== MATERIAL PROVIDED ==

(* Let $(\Omega,\mathbb{P},\sigma)$ be a symbolic dynamical system and $k\geq2$ an integer with $\underline{H}_k(\mathbb{P})>0$. Then for $\mathbb{P}^k$-almost every $(x^1,\dots,x^k)\in\Omega^k$, \[\limsup_{n\to+\infty}\frac{M_n(x^1,\dots,x^k)}{\log n}\leq\frac{k}{(k-1)\underline{H}_k(\mathbb{P})}.\] Moreover, if the system is $\alpha$-mixing with an exponential decay, or if it is $\psi$-mixing with $\psi(g)=g^{-a}$ for some $a>0$, then for $\mathbb{P}^k$-almost every $(x^1,\dots,x^k)\in\Omega^k$, \[\liminf_{n\to+\infty}\frac{M_n(x^1,\dots,x^k)}{\log n}\geq\frac{k}{(k-1)\overline{H}_k(\mathbb{P})}.\] Therefore, if (in addition) the generalized Rényi entropy $H_k(\mathbb{P})$ exists, then for $\mathbb{P}^k$-almost every $(x^1,\dots,x^k)$, \[\lim_{n\to+\infty}\frac{M_n(x^1,\dots,x^k)}{\log n}=\frac{k}{(k-1)H_k(\mathbb{P})}.\]
   Context: $\Omega=\mathcal{A}^{\mathbb{N}}$ for an alphabet $\mathcal{A}$, $\sigma$ is the left shift and $\mathbb{P}$ is a $\sigma$-invariant probability measure; $\mathbb{P}^k$ is the product measure. For $y\in\Omega$, $C_n(y)=\{z\in\Omega: z_i=y_i \text{ for } 0\leq i\leq n-1\}$ is the $n$-cylinder of $y$; $\mathcal{F}_0^n$ is the $\sigma$-algebra generated by $n$-cylinders. $\sum\mathbb{P}(C_n)^k$ denotes $\sum_{y\in\mathcal{A}^n}\mathbb{P}(C_n(y))^k$ (sum over all $n$-cylinders). $\underline{H}_k(\mathbb{P})=\liminf_{n\to\infty}\frac{\log\sum\mathbb{P}(C_n)^k}{-(k-1)n}$, $\overline{H}_k(\mathbb{P})$ the same with $\limsup$, and $H_k(\mathbb{P})$ their common value when equal. For $x^1,\dots,x^k\in\Omega$, \[M_n(x^1,\dots,x^k)=\max\{m: x^1_{i_1+j}=\cdots=x^k_{i_k+j}\text{ for } j=0,\dots,m-1 \text{ for some } 0\leq i_1,\dots,i_k\leq n-m\}.\] The system is $\alpha$-mixing if there is $\alpha:\mathbb{N}\to\mathbb{R}$ with $\alpha(g)\to0$ such that for all $m,n$, $A\in\mathcal{F}_0^n$, $B\in\mathcal{F}_0^m$: $|\mathbb{P}(A\cap\sigma^{-g-n}B)-\mathbb{P}(A)\mathbb{P}(B)|\leq\alpha(g)$; with exponential decay if $\alpha(g)$ decreases exponentially fast to $0$. It is $\psi$-mixing if there is $\psi$ with $\psi(g)\to0$ such that $|\mathbb{P}(A\cap\sigma^{-g-n}B)-\mathbb{P}(A)\mathbb{P}(B)|\leq\psi(g)\mathbb{P}(A)\mathbb{P}(B)$ for all such $A,B$. *)

theory Defs
  imports "HOL-Probability.Probability"
begin

definition shift :: "(nat \<Rightarrow> 'a) \<Rightarrow> (nat \<Rightarrow> 'a)" where
  "shift x = (\<lambda>i. x (Suc i))"

definition shift_pre :: "nat \<Rightarrow> (nat \<Rightarrow> 'a) set \<Rightarrow> (nat \<Rightarrow> 'a) set" where
  "shift_pre t B = {z. (\<lambda>i. z (i + t)) \<in> B}"

text \<open>Cylinder determined by the word w (the |w|-cylinder of any y extending w).\<close>
definition cyl :: "'a list \<Rightarrow> (nat \<Rightarrow> 'a) set" where
  "cyl w = {z. \<forall>i<length w. z i = w ! i}"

===

# YOUR GOAL:
What lines above hold the word "definition"? List them all.

# ANSWER FOR THIS EXERCISE:
definition shift :: "(nat \<Rightarrow> 'a) \<Rightarrow> (nat \<Rightarrow> 'a)" where
definition shift_pre :: "nat \<Rightarrow> (nat \<Rightarrow> 'a) set \<Rightarrow> (nat \<Rightarrow> 'a) set" where
definition cyl :: "'a list \<Rightarrow> (nat \<Rightarrow> 'a) set" where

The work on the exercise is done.